7. Not Following Instructions
In UX research, a common tenet is that people don’t read manuals. We expect that this applies to directions in surveys also. Even simple instructions can be overlooked as participants quickly scan questions.
Do you have an Amazon Prime account? (Do not include access you might have from family members.)
Overlooking the second statement would lead to people reporting household usage.
Which of the following features are least important?
Not noticing or forgetting to select the least important may lead respondents to select the most important.
Imagine you need to buy a dishwasher to replace an old one. Time is not an issue (shipping time/arrival time). On our website, please find a stainless steel dishwasher under $1000 that you feel is the best, most reliable unit. Copy the full name of the product as you will be asked for it later.
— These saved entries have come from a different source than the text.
lemma dist_cis: "dist (cis a) (cis b) = norm (cis (a - b) - 1)"
proof -
  have "cis a - cis b = cis b * (cis (a - b) - 1)"
    by (simp add: algebra_simps cis_mult)
  thus ?thesis by (simp add: dist_norm norm_mult)
qed

lemma uniform_limit_unimodular:
  assumes "uniform_limit X f g sequentially" "\<And>n x. x \<in> X \<Longrightarrow> norm (f n x :: complex) = 1"
    and "x \<in> X"
  shows "norm (g x) = 1"
proof -
  have "((\<lambda>n. norm (f n x)) \<longlongrightarrow> norm (g x)) sequentially"
    by (intro tendsto_norm tendsto_uniform_limitI[OF assms(1,3)])
  moreover have "(\<lambda>n. norm (f n x)) = (\<lambda>n. 1)" using assms(2,3) by simp
  ultimately show ?thesis using LIMSEQ_unique tendsto_const by metis
qed

lemma unif_conv_mod_Z_if_cis_convergent:
  assumes "uniformly_convergent_on X (\<lambda>n x. cis (2 * pi * a n x))"
  shows "unif_conv_mod_Z X a"
proof -
  obtain l where lim: "uniform_limit X (\<lambda>n x. cis (2 * pi * a n x)) l sequentially"
    using assms unfolding uniformly_convergent_on_def by blast
  define \<beta> where "\<beta> x = Arg (l x) / (2*pi)" for x
  have l_cis: "l x = cis (2 * pi * \<beta> x)" if "x \<in> X" for x
  proof -
    have norm_l: "norm (l x) = 1" by (rule uniform_limit_unimodular[OF lim _ that]) simp
    hence "cis (Arg (l x)) = sgn (l x)" by (intro cis_Arg) auto
    also have "sgn (l x) = l x" using norm_l by (simp add: sgn_div_norm)
    finally show ?thesis by (simp add: \<beta>_def)
  qed
  show ?thesis
    unfolding unif_conv_mod_Z_def
  proof (intro exI[of _ \<beta>] allI impI)
    fix e :: real assume "e > 0"
    define e' where "e' = min e (1/2)"
    have e': "0 < e'" "e' \<le> 1/2" "e' \<le> e" using \<open>e > 0\<close> by (auto simp: e'_def)
    have "0 < 2 * sin (pi * e')" using e' by (simp add: sin_gt_zero)
    with lim obtain N where
      N: "\<And>n x. n \<ge> N \<Longrightarrow> x \<in> X \<Longrightarrow> dist (cis (2 * pi * a n x)) (l x) < 2 * sin (pi * e')"
      unfolding uniform_limit_iff eventually_sequentially by blast
    have "dist_Z (a n x - \<beta> x) < e" if "n \<ge> N" "x \<in> X" for n x
    proof (rule ccontr)
      assume "\<not> ?thesis"
      hence "2 * sin (pi * e') \<le> norm (cis (2 * pi * (a n x - \<beta> x)) - 1)"
        using e' by (intro norm_cis_minus_one_ge) auto
      moreover have "dist (cis (2 * pi * a n x)) (l x) = norm (cis (2 * pi * (a n x - \<beta> x)) - 1)"
        using l_cis[OF \<open>x \<in> X\<close>] by (simp add: dist_cis algebra_simps)
      ultimately show False using N[OF that] by simp
    qed
    thus "\<exists>N. \<forall>n\<ge>N. \<forall>x\<in>X. dist_Z (a n x - \<beta> x) < e" by blast
  qed
qed

lemma cis_convergent_if_unif_conv_mod_Z:
  assumes "unif_conv_mod_Z X a"
  shows "uniformly_convergent_on X (\<lambda>n x. cis (2 * pi * a n x))"
proof -
  obtain \<beta> where lim: "\<And>e. e > 0 \<Longrightarrow> \<exists>N. \<forall>n\<ge>N. \<forall>x\<in>X. dist_Z (a n x - \<beta> x) < e"
    using assms unfolding unif_conv_mod_Z_def by blast
  have "uniform_limit X (\<lambda>n x. cis (2 * pi * a n x)) (\<lambda>x. cis (2 * pi * \<beta> x)) sequentially"
    unfolding uniform_limit_iff eventually_sequentially
  proof (intro allI impI)
    fix e :: real assume "e > 0"
    then obtain N where N: "\<forall>n\<ge>N. \<forall>x\<in>X. dist_Z (a n x - \<beta> x) < e / (2*pi)"
      using lim[of "e / (2*pi)"] by auto
    have "dist (cis (2 * pi * a n x)) (cis (2 * pi * \<beta> x)) < e" if "n \<ge> N" "x \<in> X" for n x
    proof -
      have "dist (cis (2 * pi * a n x)) (cis (2 * pi * \<beta> x)) = norm (cis (2*pi*(a n x - \<beta> x)) - 1)"
        by (simp add: dist_cis algebra_simps)
      also have "\<dots> \<le> 2 * pi * dist_Z (a n x - \<beta> x)"
        by (rule norm_cis_minus_one_le)
      also have "\<dots> < e" using N that by (simp add: field_simps)
      finally show ?thesis .
    qed
    thus "\<exists>N. \<forall>n\<ge>N. \<forall>x\<in>X. dist (cis (2 * pi * a n x)) (cis (2 * pi * \<beta> x)) < e" by blast
  qed
  thus ?thesis unfolding uniformly_convergent_on_def by blast
qed

lemma cis_convergent_iff_unif_conv_mod_Z:
  "uniformly_convergent_on X (\<lambda>n x. cis (2 * pi * a n x)) \<longleftrightarrow> unif_conv_mod_Z X a"
  using unif_conv_mod_Z_if_cis_convergent cis_convergent_if_unif_conv_mod_Z by blast

subsection \<open>Topological and dynamical facts\<close>

lemma continuous_on_locally_constant:
  assumes "\<And>x. x \<in> S \<Longrightarrow> \<exists>U. openin (top_of_set S) U \<and> x \<in> U \<and> (\<forall>y\<in>U. f y = f x)"
  shows "continuous_on S f"
  unfolding continuous_on_def
proof
  fix x assume "x \<in> S"
  then obtain U where U: "openin (top_of_set S) U" "x \<in> U" "\<forall>y\<in>U. f y = f x"
    using assms by blast
  show "(f \<longlongrightarrow> f x) (at x within S)"
    by (rule Lim_transform_within_openin[OF tendsto_const U(1,2)]) (use U(3) in auto)
qed

lemma continuous_on_eq_at_limit_point:
  fixes f g :: "'a::metric_space \<Rightarrow> 'b::t2_space"
  assumes "continuous_on X f" "continuous_on X g" "x0 \<in> X" "x0 islimpt X"
    and "\<And>x. x \<in> X \<Longrightarrow> x \<noteq> x0 \<Longrightarrow> f x = g x"
  shows "f x0 = g x0"
proof (rule tendsto_unique)
  show "at x0 within X \<noteq> bot" using assms(4) by (simp add: trivial_limit_within)
  show "(g \<longlongrightarrow> g x0) (at x0 within X)"
    using assms(2,3) by (simp add: continuous_on_def)
  show "(g \<longlongrightarrow> f x0) (at x0 within X)"
  proof (rule Lim_transform_within[of f _ _ _ 1])
    show "(f \<longlongrightarrow> f x0) (at x0 within X)"
      using assms(1,3) by (simp add: continuous_on_def)
    show "f x = g x" if "x \<in> X" "0 < dist x x0" for x
      using assms(5) that by simp
  qed simp
qed

lemma closed_decseq_shrinks_to_point:
  fixes S :: "nat \<Rightarrow> 'a::metric_space set"
  assumes "compact X" "\<And>n. S n \<subseteq> X" "\<And>n. closed (S n)" "decseq S"
    and "(\<Inter>n. S n) = {x0}" "d > 0"
  shows "\<exists>N. \<forall>n\<ge>N. S n \<subseteq> ball x0 d"
proof (rule ccontr)
  assume never_inside: "\<not> ?thesis"
  have far: "\<exists>y\<in>S N. y \<notin> ball x0 d" for N
  proof -
    obtain n where "n \<ge> N" "\<not> S n \<subseteq> ball x0 d" using never_inside by blast
    thus ?thesis using decseqD[OF assms(4) \<open>n \<ge> N\<close>] by blast
  qed
  have "X \<inter> (\<Inter>n\<in>UNIV. S n - ball x0 d) \<noteq> {}"
  proof (rule compact_imp_fip_image[OF assms(1)])
    show "closed (S n - ball x0 d)" for n using assms(3) by (simp add: closed_Diff)
  next
    fix I :: "nat set" assume "finite I"
    obtain y where y: "y \<in> S (Max (insert 0 I))" "y \<notin> ball x0 d" using far by blast
    have "y \<in> S i" if "i \<in> I" for i
    proof -
      have "i \<le> Max (insert 0 I)" using \<open>finite I\<close> that by simp
      thus ?thesis using y(1) decseqD[OF assms(4)] by blast
    qed
    moreover have "y \<in> X" using y(1) assms(2) by blast
    ultimately have "y \<in> X \<inter> (\<Inter>i\<in>I. S i - ball x0 d)" using y(2) by blast
    thus "X \<inter> (\<Inter>i\<in>I. S i - ball x0 d) \<noteq> {}" by blast
  qed
  then obtain z where z: "z \<in> (\<Inter>n. S n)" "z \<notin> ball x0 d" by blast
  hence "z = x0" using assms(5) by simp
  thus False using z(2) assms(6) by simp
qed
lemma finite_marks_bounded_strip: "finite (marks x)"
proof (rule inj_on_finite[where f="\<lambda>i. card (budget_rows i)" and B="{..card {Y..<y2}}"])
  show "inj_on (\<lambda>i. card (budget_rows i)) (marks x)"
  proof (rule linorder_inj_onI')
    fix p q assume "p \<in> marks x" "q \<in> marks x" "p < q"
    have "card (budget_rows q) < card (budget_rows (q-1))"
      using card_budget_rows_at_mark[of "q-1"] \<open>q \<in> marks x\<close> by simp
    also have "\<dots> \<le> card (budget_rows p)"
      using card_budget_rows_antimono[of p "q-1"] \<open>p < q\<close> by simp
    finally show "card (budget_rows p) \<noteq> card (budget_rows q)"
      by simp
  qed
  have "card (budget_rows i) \<le> card {Y..<y2}" for i
    by (rule card_mono) (auto simp: budget_rows_def dest: strip_row_bounds)
  then show "(\<lambda>i. card (budget_rows i)) ` marks x \<subseteq> {..card {Y..<y2}}"
    by auto
qed simp

end

lemma finite_marks: "finite (marks x)"
proof (cases "\<exists>y. strip_row x y")
  case False
  then have "marks x = {}"
    using strip_row_if_marks by blast
  then show ?thesis by simp
next
  case True
  then obtain y0 where y0: "strip_row x y0" ..
  show ?thesis
  proof (cases "(\<forall>y. above_floor (x (0,y))) \<or> (\<forall>y. below_roof (x (0,y)))")
    case True
    show ?thesis
    proof (cases "marks x = {}")
      case False
      then obtain p where "p \<in> marks x" by blast
      then have "marks x \<subseteq> {p}"
        using marks_subsingleton_if_unbounded[OF True] by blast
      then show ?thesis
        using finite_subset by blast
    qed simp
  next
    case False
    then obtain y1 y2 where y1: "\<not> above_floor (x (0,y1))" and y2: "\<not> below_roof (x (0,y2))"
      by blast
    have "y1 < y0"
      using y0 y1 above_floor_mono[of y0 y1 0] by (force simp: strip_row_def in_strip_def)
    then obtain Y where "y1 < Y" "Y \<le> y0" "\<not> above_floor (x (0,Y-1))" "above_floor (x (0,Y))"
      using int_discrete_ivt[of "\<lambda>y. above_floor (x (0,y))" y1 y0] y1 y0
      by (auto simp: strip_row_def in_strip_def)
    moreover from this have "strip_row x Y"
      using y0 below_roof_antimono[of Y y0 0] by (simp add: strip_row_def in_strip_def)
    ultimately show ?thesis
      using finite_marks_bounded_strip y2 by blast
  qed
qed
lemma compose_pdc_input_step:
  assumes "pdc_structural C" and "fst_wf T" and "t \<in> f_states T"
    and "buffer_loaded (buffer_size C T) buf stk"
    and "pdc_run C v = Some (p, buf @ stk, out)"
    and "pdc_run C (v @ f_nu T t b) = Some (p', stk', out')"
  shows "\<exists>buf' stk''.
    pdc_input_step (compose_pdc C T) b (to_nat (t, p, buf), stk, out) =
      Some (to_nat (f_delta T t b, p', buf'), stk'', out') \<and>
    stk' = buf' @ stk'' \<and> buffer_loaded (buffer_size C T) buf' stk''"
proof -
  let ?N = "compose_pdc C T" and ?M = "buffer_size C T" and ?t' = "f_delta T t b"
  obtain a rest where stk: "stk = a # rest"
    using assms(4) unfolding buffer_loaded_def by (cases stk) auto
  obtain g ob where block: "block_result C T t p buf b a = (p', g, ob)"
    and stk': "stk' = g @ rest" and out': "out' = out @ ob"
    using block_result_simulates[OF assms(1-3)] assms(4-6) stk by blast
  have "\<not> (a \<noteq> Z0 \<and> length buf < ?M)"
    using assms(4) stk unfolding buffer_loaded_def by auto
  then have step: "pdc_step ?N (Some b) (to_nat (t, p, buf), stk, out) =
      Some (to_nat (?t', p', [] :: sym list), stk', out')"
    using stk stk' out' block by (simp add: compose_pdc_transitions)
  have "Z0 \<in> set stk'"
    using pdc_run_wf_stack(1)[OF assms(1,6)] last_in_set unfolding wf_stack_def by metis
  then have "\<exists>buf' stk''.
      lam_close ?N ?M (to_nat (?t', p', [] :: sym list), stk', out') =
        (to_nat (?t', p', buf'), stk'', out') \<and>
      stk' = buf' @ stk'' \<and> buffer_loaded ?M buf' stk''"
    using compose_pdc_lam_close[of stk' "[]" C T ?M ?t' p' out'] by simp
  then obtain buf' stk'' where
    lam: "lam_close ?N ?M (to_nat (?t', p', [] :: sym list), stk', out') =
      (to_nat (?t', p', buf'), stk'', out')"
    and split: "stk' = buf' @ stk''" and loaded: "buffer_loaded ?M buf' stk''"
    by blast
  have "pdc_step ?N None (to_nat (?t', p', buf'), stk'', out') = None"
    using loaded by (rule compose_pdc_no_lambda)
  then show ?thesis
    using step lam split loaded by (simp add: pdc_input_step_def)
qed

lemma compose_pdc_run:
  assumes "is_pdc C" and "fst_wf T"
  shows "\<exists>p buf stk out.
    pdc_run (compose_pdc C T) x = Some (to_nat (fst_state T x, p, buf), stk, out) \<and>
    pdc_run C (fst_out T x) = Some (p, buf @ stk, out) \<and>
    buffer_loaded (buffer_size C T) buf stk"
proof (induction x rule: rev_induct)
  case Nil
  show ?case by (simp add: pdc_run_def buffer_loaded_def)
next
  case (snoc b x)
  let ?t = "fst_state T x"
  obtain p buf stk out where
    runN: "pdc_run (compose_pdc C T) x = Some (to_nat (?t, p, buf), stk, out)"
    and runC: "pdc_run C (fst_out T x) = Some (p, buf @ stk, out)"
    and loaded: "buffer_loaded (buffer_size C T) buf stk"
    using snoc.IH by blast
  obtain p' stk' out' where
    runC': "pdc_run C (fst_out T x @ f_nu T ?t b) = Some (p', stk', out')"
    using assms(1) unfolding is_pdc_def by (metis not_None_eq prod_cases3)
  obtain buf' stk'' where
    "pdc_input_step (compose_pdc C T) b (to_nat (?t, p, buf), stk, out) =
       Some (to_nat (f_delta T ?t b, p', buf'), stk'', out')"
    and "stk' = buf' @ stk''" and "buffer_loaded (buffer_size C T) buf' stk''"
    using compose_pdc_input_step[OF _ assms(2) fst_state_in_states[OF assms(2)] loaded runC runC']
      assms(1) unfolding is_pdc_def by blast
  with runN runC' show ?case
    by (fastforce simp: pdc_run_eq_run_from pdc_run_from_append)
qed
text \<open>Mantel's theorem, with the edges of the graph on W given as a symmetric set S of
  ordered pairs; thus 2 * card S \<le> card W ^ 2 says that there are at most card W ^ 2 / 4 edges.\<close>

lemma mantel:
  fixes S :: "('a \<times> 'a) set"
  assumes "finite W" "S \<subseteq> W \<times> W" "sym S"
    and triangle_free: "\<And>p q s. (p, q) \<in> S \<Longrightarrow> (q, s) \<in> S \<Longrightarrow> (p, s) \<in> S \<Longrightarrow> False"
  shows "2 * card S \<le> card W ^ 2"
proof -
  define d where "d p = real (card (S `` {p}))" for p
  have finite_image: "finite (S `` {p})" for p
    by (rule finite_subset[OF _ assms(1)]) (use assms(2) in auto)
  have S: "S = Sigma W (\<lambda>p. S `` {p})"
    using assms(2) by auto
  have card_S: "real (card S) = (\<Sum>p\<in>W. d p)"
    using assms(1) finite_image by (subst S) (simp add: card_SigmaI d_def)
  have sum_fst: "(\<Sum>(p, q)\<in>S. d p) = (\<Sum>p\<in>W. d p ^ 2)"
    using assms(1) finite_image by (subst S) (simp add: sum.Sigma[symmetric] d_def power2_eq_square)
  have "(\<Sum>(p, q)\<in>S. d q) = (\<Sum>(q, p)\<in>S. d q)"
    using \<open>sym S\<close> by (intro sum.reindex_bij_witness[of _ prod.swap prod.swap]) (auto dest: symD)
  with sum_fst have sum_snd: "(\<Sum>(p, q)\<in>S. d q) = (\<Sum>p\<in>W. d p ^ 2)"
    by simp
  have "d p + d q \<le> card W" if "(p, q) \<in> S" for p q
  proof -
    have "S `` {p} \<inter> S `` {q} = {}"
      using triangle_free that \<open>sym S\<close> by (blast dest: symD)
    moreover have "S `` {p} \<union> S `` {q} \<subseteq> W"
      using assms(2) by auto
    ultimately have "card (S `` {p}) + card (S `` {q}) \<le> card W"
      using assms(1) finite_image by (metis card_Un_disjoint card_mono)
    then show ?thesis
      unfolding d_def by (metis of_nat_add of_nat_le_iff)
  qed
  then have "(\<Sum>(p, q)\<in>S. d p + d q) \<le> card S * card W"
    using sum_mono[of S "\<lambda>(p, q). d p + d q" "\<lambda>_. real (card W)"] by (simp add: case_prod_beta)
  then have sum_squares: "2 * (\<Sum>p\<in>W. d p ^ 2) \<le> card S * card W"
    using sum_fst sum_snd by (simp add: sum.distrib case_prod_unfold)
  have "2 * real (card S) ^ 2 \<le> 2 * ((\<Sum>p\<in>W. d p ^ 2) * card W)"
    unfolding card_S using sum_squared_le_sum_of_squares by simp
  also have "\<dots> \<le> card S * card W * card W"
    using sum_squares by (simp add: mult.assoc[symmetric] mult_right_mono)
  finally have "2 * real (card S) ^ 2 \<le> real (card S) * card W ^ 2"
    by (simp add: power2_eq_square mult.assoc)
  then have "real (2 * card S ^ 2) \<le> real (card S * card W ^ 2)"
    by simp
  then have "2 * card S ^ 2 \<le> card S * card W ^ 2"
    by (simp only: of_nat_le_iff)
  then show ?thesis
    by (cases "card S = 0") (simp_all add: power2_eq_square)
qed

definition c46_cubic :: "'a::comm_ring \<Rightarrow> 'a \<Rightarrow> 'a \<Rightarrow> 'a" where
  "c46_cubic v w e = v * w * (v * w - e) - e * (e - v) * (e - w)"

lemma c46_cubic_swap: "c46_cubic v w e = c46_cubic w v e"
  by (simp add: c46_cubic_def algebra_simps)

lemma of_int_c46_cubic: "of_int (c46_cubic v w e) = c46_cubic (of_int v) (of_int w) (of_int e)"
  by (simp add: c46_cubic_def)

lemma c46_cubic_add_isolated:
  fixes v w e :: int
  assumes "0 \<le> c46_cubic v w e" "0 \<le> v"
  shows "0 \<le> c46_cubic (v + 1) w e"
proof -
  have "c46_cubic (v + 1) w e = c46_cubic v w e + (e - w)^2 + 2 * v * w^2"
    by (simp add: c46_cubic_def algebra_simps power2_eq_square)
  then show ?thesis
    using assms by simp
qed

lemma c46_cubic_leaf_increment_le:
  fixes v w e :: int
  assumes F: "0 \<le> c46_cubic v w e" and v: "0 \<le> v" and w: "1 \<le> w"
    and "v < e" "w < e" "e \<le> v * w"
  shows "(2 * e + 1) * (e - v) \<le> (2 * v + 1) * (w * (w - 1))"
proof (rule ccontr)
  \<comment> \<open>A negative increment would force the cubic itself to be negative; the two
    polynomial identities below are the certificate.\<close>
  define c k where "c = w * (w - 1)" and "k = e - v"
  define M where "M = (2 * v + 1) * c + w + v * w"
  define X where "X = c * (v - 2 * v * w - w) + k * M"
  assume "\<not> ?thesis"
  then have neg: "0 < (2 * e + 1) * k - (2 * v + 1) * c"
    by (simp add: c_def k_def)
  have c: "0 \<le> c"
    using w by (simp add: c_def)
  have kvw: "0 \<le> k * (v * w - e)"
    using assms by (simp add: k_def)
  have "(2 * v * w + 1) * X = c * (v * w * (2 * w - 3) + c + v)
      + M * ((2 * e + 1) * k - (2 * v + 1) * c) + M * (2 * (k * (v * w - e)))"
    unfolding X_def M_def k_def c_def by algebra
  moreover have "0 \<le> c * (v * w * (2 * w - 3) + c + v)"
    using c v w by (cases "w = 1") (auto simp: c_def)
  moreover have "0 \<le> M"
    using c v w by (simp add: M_def)
  ultimately have "0 \<le> (2 * v * w + 1) * X"
    using neg kvw by simp
  moreover have "0 < 2 * v * w + 1"
    using v w by (simp add: add_pos_nonneg)
  ultimately have X: "0 \<le> X"
    by (simp add: zero_le_mult_iff)
  have "(e - w) * ((2 * e + 1) * k - (2 * v + 1) * c)
      = 2 * (e * (e - v) * (e - w)) - 2 * (v * w * (v * w - e)) - X - k * (v * w - e)"
    unfolding X_def M_def k_def c_def by algebra
  moreover have "0 < (e - w) * ((2 * e + 1) * k - (2 * v + 1) * c)"
    using neg \<open>w < e\<close> by simp
  ultimately show False
    using F X kvw by (simp add: c46_cubic_def)
qed

lemma c46_cubic_add_leaf:
  fixes v w e :: int
  assumes F: "0 \<le> c46_cubic v w e" and v: "0 \<le> v" and w: "1 \<le> w" and "0 \<le> e" and evw: "e \<le> v * w"
  shows "0 \<le> c46_cubic (v + 1) w (e + 1)"
proof -
  have "(2 * e + 1) * (e - v) \<le> (2 * v + 1) * (w * (w - 1))"
  proof (cases "e \<le> v")
    case True
    have "(2 * e + 1) * (e - v) \<le> 0"
      using True \<open>0 \<le> e\<close> by (simp add: mult_nonneg_nonpos)
    moreover have "0 \<le> (2 * v + 1) * (w * (w - 1))"
      using v w by simp
    ultimately show ?thesis
      by linarith
  next
    case False
    then have "1 \<le> v"
      using evw v by (cases "v = 0") auto
    show ?thesis
    proof (cases "e \<le> w")
      case True
      have "(2 * e + 1) * (e - v) \<le> (2 * w + 1) * (w - 1)"
        using True False \<open>1 \<le> v\<close> by (intro mult_mono) auto
      also have "\<dots> \<le> (2 * v + 1) * w * (w - 1)"
      proof (rule mult_right_mono)
        have "3 * w \<le> (2 * v + 1) * w"
          using \<open>1 \<le> v\<close> w by (intro mult_right_mono) auto
        then show "2 * w + 1 \<le> (2 * v + 1) * w"
          using w by linarith
      qed (use w in simp)
      finally show ?thesis
        by (simp add: mult.assoc)
    next
      case ew: False
      then show ?thesis
        using c46_cubic_leaf_increment_le[OF F v w] False evw by simp
    qed
  qed
  moreover have "c46_cubic (v + 1) w (e + 1)
      = c46_cubic v w e + ((2 * v + 1) * (w * (w - 1)) - (2 * e + 1) * (e - v))"
    by (simp add: c46_cubic_def algebra_simps)
  ultimately show ?thesis
    using F by simp
qed

definition neighbours :: "'a set set \<Rightarrow> 'a \<Rightarrow> 'a set" where
  "neighbours E u = {z. {u, z} \<in> E}"

lemma neighbours_sym: "y \<in> neighbours E x \<longleftrightarrow> x \<in> neighbours E y"
  by (simp add: neighbours_def insert_commute)

lemma has_cycle_of_length_mono:
  "E \<subseteq> E' \<Longrightarrow> has_cycle_of_length E k \<Longrightarrow> has_cycle_of_length E' k"
  unfolding has_cycle_of_length_def by blast

lemma has_cycle_of_length_listI:
  assumes "distinct cs" "3 \<le> length cs"
    and "\<And>i. i < length cs \<Longrightarrow> {cs ! i, cs ! ((i + 1) mod length cs)} \<in> E"
  shows "has_cycle_of_length E (length cs)"
  unfolding has_cycle_of_length_def using assms by (auto intro!: exI[of _ "nth cs"] inj_on_nth)

lemma has_cycle_of_length_4I:
  assumes "distinct [a, b, c, d]" "{a, b} \<in> E" "{b, c} \<in> E" "{c, d} \<in> E" "{d, a} \<in> E"
  shows "has_cycle_of_length E 4"
proof -
  have "has_cycle_of_length E (length [a, b, c, d])"
  proof (rule has_cycle_of_length_listI)
    fix i assume "i < length [a, b, c, d]"
    then have "i \<in> {0, 1, 2, 3}"
      by auto
    then show "{[a, b, c, d] ! i, [a, b, c, d] ! ((i + 1) mod length [a, b, c, d])} \<in> E"
      using assms by auto
  qed (use assms in auto)
  then show ?thesis
    by (simp add: numeral_eq_Suc)
qed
Be sure to include the brand (GE, Samsung, LG, Whirlpool, etc.).
It isn’t always possible to avoid such complexity, but when it’s necessary, strive to write and format the instructions to make them as easy to follow as possible.
People may answer survey questions incorrectly for a variety of reasons:
- Failure to encode a memory: Respondents can’t correctly answer a question if they have never encoded the relevant memory.
- Forgetting: Respondents may have encoded the relevant memory but may be unable to retrieve it accurately due to passage of time or distortion (e.g., generic memory, contemporary details, mismatched terms).
- Misinterpreting the question: Respondents may encode and retrieve the relevant memory but misunderstand the question (e.g., grammatical or lexical ambiguity, excessive complexity, faulty presuppositions, vague concepts, vague quantifiers, unfamiliar terms, false inferences).
- Flawed judgment or poor estimation: Respondents differ in their abilities to make judgments and estimate past or future behavior.
- Answer formatting: Many differences in answer formats don’t substantially affect resulting measurements, but some do (e.g., providing three or fewer response options, alternating item tone).
- Dishonesty: Respondents might feel uncomfortable accurately answering sensitive questions, and in some cases, might answer screening questions dishonestly to get into a survey and secure the honorarium.
- Not following instructions: Participants moving quickly through a survey can overlook even simple instructions, and complex instructions exacerbate this problem.
UX researchers should keep these issues in mind when designing, analyzing, and interpreting surveys.